Saved data entries »
□ □ □ □

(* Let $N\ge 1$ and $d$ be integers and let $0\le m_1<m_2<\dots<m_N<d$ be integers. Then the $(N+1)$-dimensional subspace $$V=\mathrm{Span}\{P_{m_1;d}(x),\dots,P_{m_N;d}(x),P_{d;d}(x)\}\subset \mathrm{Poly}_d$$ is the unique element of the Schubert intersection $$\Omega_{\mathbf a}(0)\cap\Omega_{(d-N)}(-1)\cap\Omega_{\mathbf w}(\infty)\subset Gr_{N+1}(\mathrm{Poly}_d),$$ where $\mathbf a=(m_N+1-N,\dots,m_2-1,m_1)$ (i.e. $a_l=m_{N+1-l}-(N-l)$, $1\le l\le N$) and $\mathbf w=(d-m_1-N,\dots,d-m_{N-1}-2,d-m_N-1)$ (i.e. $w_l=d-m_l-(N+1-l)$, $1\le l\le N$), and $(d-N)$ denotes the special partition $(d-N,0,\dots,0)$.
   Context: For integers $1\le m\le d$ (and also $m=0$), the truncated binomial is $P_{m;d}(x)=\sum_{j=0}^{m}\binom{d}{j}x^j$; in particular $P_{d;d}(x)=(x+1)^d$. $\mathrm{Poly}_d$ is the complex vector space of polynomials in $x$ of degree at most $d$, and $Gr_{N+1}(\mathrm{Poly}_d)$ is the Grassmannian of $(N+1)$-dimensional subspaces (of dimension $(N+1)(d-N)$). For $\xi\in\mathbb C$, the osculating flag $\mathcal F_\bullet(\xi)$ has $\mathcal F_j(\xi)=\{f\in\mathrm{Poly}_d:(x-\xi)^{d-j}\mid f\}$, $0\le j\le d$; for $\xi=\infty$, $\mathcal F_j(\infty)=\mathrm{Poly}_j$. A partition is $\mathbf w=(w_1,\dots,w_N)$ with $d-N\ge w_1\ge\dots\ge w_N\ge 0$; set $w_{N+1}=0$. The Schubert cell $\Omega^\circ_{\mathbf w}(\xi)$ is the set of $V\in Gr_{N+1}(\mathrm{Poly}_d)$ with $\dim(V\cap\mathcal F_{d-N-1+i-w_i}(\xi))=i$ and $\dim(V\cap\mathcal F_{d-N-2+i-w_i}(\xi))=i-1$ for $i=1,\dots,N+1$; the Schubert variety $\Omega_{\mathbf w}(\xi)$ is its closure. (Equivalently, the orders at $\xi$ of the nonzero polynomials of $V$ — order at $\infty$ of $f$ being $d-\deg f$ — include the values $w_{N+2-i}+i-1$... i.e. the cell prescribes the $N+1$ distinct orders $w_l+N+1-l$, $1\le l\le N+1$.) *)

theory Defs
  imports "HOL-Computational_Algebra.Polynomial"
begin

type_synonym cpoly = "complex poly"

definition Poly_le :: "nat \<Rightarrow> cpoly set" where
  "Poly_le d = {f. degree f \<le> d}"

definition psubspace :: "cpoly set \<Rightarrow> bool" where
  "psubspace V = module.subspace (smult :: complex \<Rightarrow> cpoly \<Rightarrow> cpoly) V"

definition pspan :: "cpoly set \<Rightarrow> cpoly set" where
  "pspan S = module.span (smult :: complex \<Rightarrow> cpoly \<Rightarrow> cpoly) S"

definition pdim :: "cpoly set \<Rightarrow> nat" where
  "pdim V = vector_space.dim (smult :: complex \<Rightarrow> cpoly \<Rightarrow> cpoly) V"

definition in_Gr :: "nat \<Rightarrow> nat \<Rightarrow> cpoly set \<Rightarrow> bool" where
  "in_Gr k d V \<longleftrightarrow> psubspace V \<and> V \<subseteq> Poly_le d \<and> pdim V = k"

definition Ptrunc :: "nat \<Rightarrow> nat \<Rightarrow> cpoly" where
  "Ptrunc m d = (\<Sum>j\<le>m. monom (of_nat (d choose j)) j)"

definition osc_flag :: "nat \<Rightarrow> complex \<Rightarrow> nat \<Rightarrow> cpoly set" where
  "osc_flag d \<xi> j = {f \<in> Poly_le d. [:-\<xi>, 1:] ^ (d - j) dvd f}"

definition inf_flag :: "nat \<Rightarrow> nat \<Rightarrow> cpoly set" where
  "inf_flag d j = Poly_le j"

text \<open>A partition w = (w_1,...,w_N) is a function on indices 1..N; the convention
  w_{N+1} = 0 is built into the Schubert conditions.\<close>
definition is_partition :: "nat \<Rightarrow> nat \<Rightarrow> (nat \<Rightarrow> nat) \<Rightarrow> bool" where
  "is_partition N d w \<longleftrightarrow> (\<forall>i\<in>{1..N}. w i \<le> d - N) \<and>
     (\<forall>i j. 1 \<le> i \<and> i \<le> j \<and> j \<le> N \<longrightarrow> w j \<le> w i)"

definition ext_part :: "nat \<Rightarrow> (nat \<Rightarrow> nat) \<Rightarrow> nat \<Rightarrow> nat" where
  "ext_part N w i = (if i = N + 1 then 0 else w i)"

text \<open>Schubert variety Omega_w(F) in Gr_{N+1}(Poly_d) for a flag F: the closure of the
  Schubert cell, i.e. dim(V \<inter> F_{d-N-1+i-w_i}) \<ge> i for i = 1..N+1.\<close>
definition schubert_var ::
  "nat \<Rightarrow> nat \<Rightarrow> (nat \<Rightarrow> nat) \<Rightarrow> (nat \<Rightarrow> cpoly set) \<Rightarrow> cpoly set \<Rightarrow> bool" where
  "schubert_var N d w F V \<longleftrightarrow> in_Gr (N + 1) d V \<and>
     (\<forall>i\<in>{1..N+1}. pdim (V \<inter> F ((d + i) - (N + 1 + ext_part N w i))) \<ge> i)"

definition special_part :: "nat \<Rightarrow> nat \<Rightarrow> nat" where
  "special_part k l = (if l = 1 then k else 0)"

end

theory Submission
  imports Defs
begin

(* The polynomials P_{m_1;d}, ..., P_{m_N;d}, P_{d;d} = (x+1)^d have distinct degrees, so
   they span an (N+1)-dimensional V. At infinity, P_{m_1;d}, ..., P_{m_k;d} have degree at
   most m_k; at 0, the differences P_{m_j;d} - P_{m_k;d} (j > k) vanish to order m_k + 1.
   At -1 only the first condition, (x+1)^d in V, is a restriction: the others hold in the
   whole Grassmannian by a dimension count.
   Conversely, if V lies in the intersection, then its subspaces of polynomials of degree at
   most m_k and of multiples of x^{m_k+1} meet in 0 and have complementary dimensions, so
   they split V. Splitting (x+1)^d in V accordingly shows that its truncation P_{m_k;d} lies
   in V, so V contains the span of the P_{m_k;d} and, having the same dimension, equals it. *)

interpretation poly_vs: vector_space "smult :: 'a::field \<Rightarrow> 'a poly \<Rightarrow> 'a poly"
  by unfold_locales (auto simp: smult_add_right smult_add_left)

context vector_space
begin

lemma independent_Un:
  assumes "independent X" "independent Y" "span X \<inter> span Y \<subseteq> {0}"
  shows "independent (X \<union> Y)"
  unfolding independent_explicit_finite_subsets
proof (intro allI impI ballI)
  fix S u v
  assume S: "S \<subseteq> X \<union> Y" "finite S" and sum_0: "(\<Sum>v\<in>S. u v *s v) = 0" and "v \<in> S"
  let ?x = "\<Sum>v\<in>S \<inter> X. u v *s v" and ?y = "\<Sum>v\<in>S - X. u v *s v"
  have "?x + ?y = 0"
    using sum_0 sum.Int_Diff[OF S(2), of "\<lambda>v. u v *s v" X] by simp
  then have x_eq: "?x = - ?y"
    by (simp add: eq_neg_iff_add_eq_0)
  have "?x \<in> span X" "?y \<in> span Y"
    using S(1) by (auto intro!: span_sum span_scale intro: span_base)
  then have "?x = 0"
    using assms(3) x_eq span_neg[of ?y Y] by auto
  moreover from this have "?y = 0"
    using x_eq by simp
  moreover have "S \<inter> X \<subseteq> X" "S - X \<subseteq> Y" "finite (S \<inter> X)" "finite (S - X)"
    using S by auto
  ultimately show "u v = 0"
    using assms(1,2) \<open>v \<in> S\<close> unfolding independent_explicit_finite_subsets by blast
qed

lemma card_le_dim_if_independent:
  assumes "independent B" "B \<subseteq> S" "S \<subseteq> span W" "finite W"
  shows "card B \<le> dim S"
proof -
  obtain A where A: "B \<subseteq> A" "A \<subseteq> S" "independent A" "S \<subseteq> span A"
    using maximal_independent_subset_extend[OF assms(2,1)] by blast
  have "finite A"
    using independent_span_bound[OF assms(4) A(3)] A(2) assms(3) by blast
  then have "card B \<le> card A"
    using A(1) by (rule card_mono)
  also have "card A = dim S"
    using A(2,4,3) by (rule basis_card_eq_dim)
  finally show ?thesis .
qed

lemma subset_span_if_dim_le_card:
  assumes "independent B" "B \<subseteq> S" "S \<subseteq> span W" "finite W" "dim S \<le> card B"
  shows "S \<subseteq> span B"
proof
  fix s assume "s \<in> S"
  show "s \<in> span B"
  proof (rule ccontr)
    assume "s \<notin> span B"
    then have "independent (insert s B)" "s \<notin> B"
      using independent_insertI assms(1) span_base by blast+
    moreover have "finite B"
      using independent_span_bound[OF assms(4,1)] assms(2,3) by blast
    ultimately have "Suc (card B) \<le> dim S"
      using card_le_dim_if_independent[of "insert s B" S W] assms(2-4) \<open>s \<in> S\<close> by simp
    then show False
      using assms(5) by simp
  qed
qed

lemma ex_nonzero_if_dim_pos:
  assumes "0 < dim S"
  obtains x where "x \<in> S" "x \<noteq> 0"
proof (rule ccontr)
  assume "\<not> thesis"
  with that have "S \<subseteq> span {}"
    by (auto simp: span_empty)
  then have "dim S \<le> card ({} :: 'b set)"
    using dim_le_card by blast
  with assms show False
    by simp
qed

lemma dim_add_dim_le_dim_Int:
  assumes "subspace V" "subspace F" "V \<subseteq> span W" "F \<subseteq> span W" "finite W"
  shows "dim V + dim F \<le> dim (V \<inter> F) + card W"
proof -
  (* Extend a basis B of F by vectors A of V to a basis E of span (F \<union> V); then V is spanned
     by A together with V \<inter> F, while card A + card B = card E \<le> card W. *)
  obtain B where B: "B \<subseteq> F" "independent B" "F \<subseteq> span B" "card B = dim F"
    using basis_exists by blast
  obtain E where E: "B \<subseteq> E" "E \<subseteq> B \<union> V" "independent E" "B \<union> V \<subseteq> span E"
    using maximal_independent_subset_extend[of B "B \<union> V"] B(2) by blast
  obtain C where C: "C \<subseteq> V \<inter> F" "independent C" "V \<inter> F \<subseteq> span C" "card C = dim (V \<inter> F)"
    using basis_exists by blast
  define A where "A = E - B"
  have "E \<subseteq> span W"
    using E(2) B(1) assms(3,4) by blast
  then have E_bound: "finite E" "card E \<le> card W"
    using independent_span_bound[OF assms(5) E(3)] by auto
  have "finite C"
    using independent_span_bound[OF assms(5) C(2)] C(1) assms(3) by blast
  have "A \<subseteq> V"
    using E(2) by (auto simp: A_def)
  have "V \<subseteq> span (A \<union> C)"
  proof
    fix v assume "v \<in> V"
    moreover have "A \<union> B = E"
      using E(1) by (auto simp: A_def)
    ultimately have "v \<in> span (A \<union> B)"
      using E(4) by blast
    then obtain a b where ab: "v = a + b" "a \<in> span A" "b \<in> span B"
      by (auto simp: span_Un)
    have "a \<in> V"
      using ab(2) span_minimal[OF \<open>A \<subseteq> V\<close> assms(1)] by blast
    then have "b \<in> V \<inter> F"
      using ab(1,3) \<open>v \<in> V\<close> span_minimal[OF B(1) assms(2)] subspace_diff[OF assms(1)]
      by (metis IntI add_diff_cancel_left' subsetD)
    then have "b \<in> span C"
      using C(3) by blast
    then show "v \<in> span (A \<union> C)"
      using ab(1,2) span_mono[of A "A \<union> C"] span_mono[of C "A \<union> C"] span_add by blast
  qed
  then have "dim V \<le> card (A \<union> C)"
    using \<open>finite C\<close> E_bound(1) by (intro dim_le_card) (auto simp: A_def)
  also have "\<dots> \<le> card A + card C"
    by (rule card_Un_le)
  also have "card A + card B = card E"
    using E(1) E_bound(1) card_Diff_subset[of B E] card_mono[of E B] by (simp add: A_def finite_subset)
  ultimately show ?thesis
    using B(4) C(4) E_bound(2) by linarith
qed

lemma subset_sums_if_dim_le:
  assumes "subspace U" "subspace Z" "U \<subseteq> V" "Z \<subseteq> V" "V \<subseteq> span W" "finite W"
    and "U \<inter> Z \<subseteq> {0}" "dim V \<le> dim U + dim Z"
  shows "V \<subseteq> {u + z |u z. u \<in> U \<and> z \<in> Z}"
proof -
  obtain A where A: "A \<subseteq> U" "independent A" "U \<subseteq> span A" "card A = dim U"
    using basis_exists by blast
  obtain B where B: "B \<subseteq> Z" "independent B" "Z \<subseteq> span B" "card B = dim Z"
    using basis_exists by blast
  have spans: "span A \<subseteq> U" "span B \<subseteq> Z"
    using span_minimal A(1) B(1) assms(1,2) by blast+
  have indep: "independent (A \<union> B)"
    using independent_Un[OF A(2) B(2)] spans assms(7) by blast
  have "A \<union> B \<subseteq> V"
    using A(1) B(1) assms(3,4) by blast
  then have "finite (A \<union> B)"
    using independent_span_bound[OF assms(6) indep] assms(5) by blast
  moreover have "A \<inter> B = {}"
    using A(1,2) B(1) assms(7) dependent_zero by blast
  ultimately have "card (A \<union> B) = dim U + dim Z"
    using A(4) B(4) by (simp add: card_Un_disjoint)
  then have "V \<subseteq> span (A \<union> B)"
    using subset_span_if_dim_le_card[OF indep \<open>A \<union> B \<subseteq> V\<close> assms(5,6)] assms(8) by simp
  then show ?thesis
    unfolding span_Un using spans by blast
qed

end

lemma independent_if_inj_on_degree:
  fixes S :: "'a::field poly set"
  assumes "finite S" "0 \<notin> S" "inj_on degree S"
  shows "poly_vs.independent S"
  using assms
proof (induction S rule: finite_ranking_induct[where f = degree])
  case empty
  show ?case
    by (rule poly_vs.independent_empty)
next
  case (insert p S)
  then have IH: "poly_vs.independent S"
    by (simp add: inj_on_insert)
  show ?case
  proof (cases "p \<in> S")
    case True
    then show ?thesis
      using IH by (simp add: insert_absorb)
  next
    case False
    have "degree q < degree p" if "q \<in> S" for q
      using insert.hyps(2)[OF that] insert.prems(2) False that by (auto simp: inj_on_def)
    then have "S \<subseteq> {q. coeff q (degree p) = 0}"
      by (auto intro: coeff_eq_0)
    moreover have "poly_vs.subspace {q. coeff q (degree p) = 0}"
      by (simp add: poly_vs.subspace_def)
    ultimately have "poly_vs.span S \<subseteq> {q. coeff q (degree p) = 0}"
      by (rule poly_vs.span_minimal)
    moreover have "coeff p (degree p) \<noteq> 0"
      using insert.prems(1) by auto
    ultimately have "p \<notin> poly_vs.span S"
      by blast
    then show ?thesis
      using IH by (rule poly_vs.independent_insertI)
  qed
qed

□ □ □ □

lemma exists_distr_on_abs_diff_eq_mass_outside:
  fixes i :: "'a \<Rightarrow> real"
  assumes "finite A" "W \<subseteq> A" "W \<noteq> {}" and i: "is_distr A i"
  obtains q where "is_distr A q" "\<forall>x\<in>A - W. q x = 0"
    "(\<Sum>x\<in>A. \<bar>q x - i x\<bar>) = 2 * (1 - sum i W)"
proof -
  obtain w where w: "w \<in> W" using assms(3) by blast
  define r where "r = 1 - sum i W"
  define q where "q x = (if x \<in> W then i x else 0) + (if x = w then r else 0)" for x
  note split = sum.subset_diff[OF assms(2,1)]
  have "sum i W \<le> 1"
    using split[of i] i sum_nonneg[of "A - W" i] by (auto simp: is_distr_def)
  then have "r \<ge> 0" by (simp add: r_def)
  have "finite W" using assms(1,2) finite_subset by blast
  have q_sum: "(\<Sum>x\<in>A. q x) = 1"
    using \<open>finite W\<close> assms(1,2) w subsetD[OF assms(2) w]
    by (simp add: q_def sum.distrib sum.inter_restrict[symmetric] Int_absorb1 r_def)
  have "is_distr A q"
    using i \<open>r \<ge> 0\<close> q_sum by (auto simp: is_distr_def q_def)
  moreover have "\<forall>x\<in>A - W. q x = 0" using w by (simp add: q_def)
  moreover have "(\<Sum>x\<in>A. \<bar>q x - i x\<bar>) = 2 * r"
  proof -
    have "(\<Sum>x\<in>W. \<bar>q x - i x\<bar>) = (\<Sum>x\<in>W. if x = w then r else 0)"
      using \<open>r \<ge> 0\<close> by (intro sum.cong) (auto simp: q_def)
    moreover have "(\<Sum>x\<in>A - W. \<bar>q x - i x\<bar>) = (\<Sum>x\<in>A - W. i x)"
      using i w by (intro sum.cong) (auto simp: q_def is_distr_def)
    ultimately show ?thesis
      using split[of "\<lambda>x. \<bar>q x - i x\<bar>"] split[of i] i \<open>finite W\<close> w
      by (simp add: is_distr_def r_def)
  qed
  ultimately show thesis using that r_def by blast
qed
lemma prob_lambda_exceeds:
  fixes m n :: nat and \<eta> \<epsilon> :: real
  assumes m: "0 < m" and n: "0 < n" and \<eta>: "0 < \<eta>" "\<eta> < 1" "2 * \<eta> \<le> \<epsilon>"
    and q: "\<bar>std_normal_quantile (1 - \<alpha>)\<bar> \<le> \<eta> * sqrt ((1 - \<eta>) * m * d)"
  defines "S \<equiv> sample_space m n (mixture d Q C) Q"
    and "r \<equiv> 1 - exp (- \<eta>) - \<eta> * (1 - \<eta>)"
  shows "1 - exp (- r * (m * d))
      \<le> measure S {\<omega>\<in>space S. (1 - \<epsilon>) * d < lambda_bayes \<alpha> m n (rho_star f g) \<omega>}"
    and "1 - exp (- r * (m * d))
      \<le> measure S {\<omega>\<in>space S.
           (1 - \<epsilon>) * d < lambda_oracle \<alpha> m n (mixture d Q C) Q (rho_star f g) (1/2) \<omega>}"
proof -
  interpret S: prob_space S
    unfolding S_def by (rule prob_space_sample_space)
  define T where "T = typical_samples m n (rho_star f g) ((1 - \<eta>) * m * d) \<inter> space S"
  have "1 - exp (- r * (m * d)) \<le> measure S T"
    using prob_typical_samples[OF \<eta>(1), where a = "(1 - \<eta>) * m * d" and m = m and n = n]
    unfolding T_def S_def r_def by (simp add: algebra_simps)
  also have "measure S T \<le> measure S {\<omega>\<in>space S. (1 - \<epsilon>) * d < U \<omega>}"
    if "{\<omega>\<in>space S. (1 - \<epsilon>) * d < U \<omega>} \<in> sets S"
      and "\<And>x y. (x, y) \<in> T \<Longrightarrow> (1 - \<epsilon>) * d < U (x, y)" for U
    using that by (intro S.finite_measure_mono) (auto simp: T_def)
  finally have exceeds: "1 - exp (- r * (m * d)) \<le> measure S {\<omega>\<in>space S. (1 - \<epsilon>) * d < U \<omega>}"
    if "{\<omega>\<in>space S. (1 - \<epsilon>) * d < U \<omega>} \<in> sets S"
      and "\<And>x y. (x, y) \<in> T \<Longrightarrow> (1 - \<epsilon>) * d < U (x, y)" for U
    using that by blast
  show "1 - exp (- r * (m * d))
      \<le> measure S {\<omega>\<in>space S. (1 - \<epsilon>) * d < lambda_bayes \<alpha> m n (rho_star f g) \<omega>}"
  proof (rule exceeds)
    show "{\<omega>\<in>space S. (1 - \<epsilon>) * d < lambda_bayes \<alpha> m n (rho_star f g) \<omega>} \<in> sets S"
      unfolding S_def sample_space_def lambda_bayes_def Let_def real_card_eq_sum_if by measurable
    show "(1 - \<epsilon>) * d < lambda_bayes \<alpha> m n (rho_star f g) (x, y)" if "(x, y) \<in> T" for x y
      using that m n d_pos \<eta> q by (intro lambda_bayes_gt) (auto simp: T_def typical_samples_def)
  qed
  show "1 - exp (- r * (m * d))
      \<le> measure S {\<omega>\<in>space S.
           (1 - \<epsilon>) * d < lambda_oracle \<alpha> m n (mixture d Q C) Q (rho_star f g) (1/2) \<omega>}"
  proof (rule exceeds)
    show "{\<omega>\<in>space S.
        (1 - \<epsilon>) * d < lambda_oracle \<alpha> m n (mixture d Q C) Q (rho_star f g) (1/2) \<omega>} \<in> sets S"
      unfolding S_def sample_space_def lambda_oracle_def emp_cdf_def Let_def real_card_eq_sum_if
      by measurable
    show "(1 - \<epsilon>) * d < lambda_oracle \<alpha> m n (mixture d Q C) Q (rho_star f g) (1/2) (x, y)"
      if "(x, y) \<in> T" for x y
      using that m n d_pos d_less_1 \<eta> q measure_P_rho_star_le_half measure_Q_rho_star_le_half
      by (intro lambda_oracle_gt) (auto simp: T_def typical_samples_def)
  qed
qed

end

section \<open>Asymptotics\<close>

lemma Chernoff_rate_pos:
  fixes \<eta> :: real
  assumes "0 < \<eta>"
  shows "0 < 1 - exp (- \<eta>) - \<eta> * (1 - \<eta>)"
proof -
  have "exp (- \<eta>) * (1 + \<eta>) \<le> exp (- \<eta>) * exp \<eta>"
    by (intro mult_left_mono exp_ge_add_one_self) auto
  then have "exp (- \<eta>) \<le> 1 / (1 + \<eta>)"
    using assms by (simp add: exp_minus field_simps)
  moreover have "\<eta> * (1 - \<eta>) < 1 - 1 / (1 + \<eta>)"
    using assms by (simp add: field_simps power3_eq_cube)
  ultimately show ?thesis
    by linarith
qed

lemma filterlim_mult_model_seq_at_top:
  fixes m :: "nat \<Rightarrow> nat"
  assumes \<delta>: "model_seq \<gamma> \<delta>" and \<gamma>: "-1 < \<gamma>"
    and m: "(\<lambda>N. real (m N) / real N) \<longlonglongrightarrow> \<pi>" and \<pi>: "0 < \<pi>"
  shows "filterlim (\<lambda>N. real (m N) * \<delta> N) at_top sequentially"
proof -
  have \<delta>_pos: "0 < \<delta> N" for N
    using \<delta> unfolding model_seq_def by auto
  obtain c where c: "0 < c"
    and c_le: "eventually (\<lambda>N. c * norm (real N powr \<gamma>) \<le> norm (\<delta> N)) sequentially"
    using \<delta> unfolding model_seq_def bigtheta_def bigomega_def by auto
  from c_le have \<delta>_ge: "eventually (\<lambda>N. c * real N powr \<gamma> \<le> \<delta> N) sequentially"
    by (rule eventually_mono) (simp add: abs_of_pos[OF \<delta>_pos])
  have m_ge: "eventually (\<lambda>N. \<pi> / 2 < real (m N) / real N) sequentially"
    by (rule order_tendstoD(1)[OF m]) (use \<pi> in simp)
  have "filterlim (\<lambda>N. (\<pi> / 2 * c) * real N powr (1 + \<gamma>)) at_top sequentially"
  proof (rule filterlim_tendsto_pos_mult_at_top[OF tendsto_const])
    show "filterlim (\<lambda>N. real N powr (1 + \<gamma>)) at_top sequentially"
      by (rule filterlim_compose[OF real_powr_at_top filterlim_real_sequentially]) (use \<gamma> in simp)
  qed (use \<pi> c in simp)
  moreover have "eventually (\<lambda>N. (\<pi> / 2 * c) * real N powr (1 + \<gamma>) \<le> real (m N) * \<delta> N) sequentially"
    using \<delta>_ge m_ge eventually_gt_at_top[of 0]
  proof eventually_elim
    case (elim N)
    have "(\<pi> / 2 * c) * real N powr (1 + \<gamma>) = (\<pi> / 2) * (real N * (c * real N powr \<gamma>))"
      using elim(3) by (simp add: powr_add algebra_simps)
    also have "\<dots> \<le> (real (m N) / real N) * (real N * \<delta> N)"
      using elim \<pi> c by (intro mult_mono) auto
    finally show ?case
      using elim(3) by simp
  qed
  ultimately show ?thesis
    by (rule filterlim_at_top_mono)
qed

□ □ □ □

AIM OF THE TASK »
Each line above with the string "pdim" should be reported in full.

RESPONSE BELOW »
definition pdim :: "cpoly set \<Rightarrow> nat" where
  "pdim V = vector_space.dim (smult :: complex \<Rightarrow> cpoly \<Rightarrow> cpoly) V"
  "in_Gr k d V \<longleftrightarrow> psubspace V \<and> V \<subseteq> Poly_le d \<and> pdim V = k"
     (\<forall>i\<in>{1..N+1}. pdim (V \<inter> F ((d + i) - (N + 1 + ext_part N w i))) \<ge> i)"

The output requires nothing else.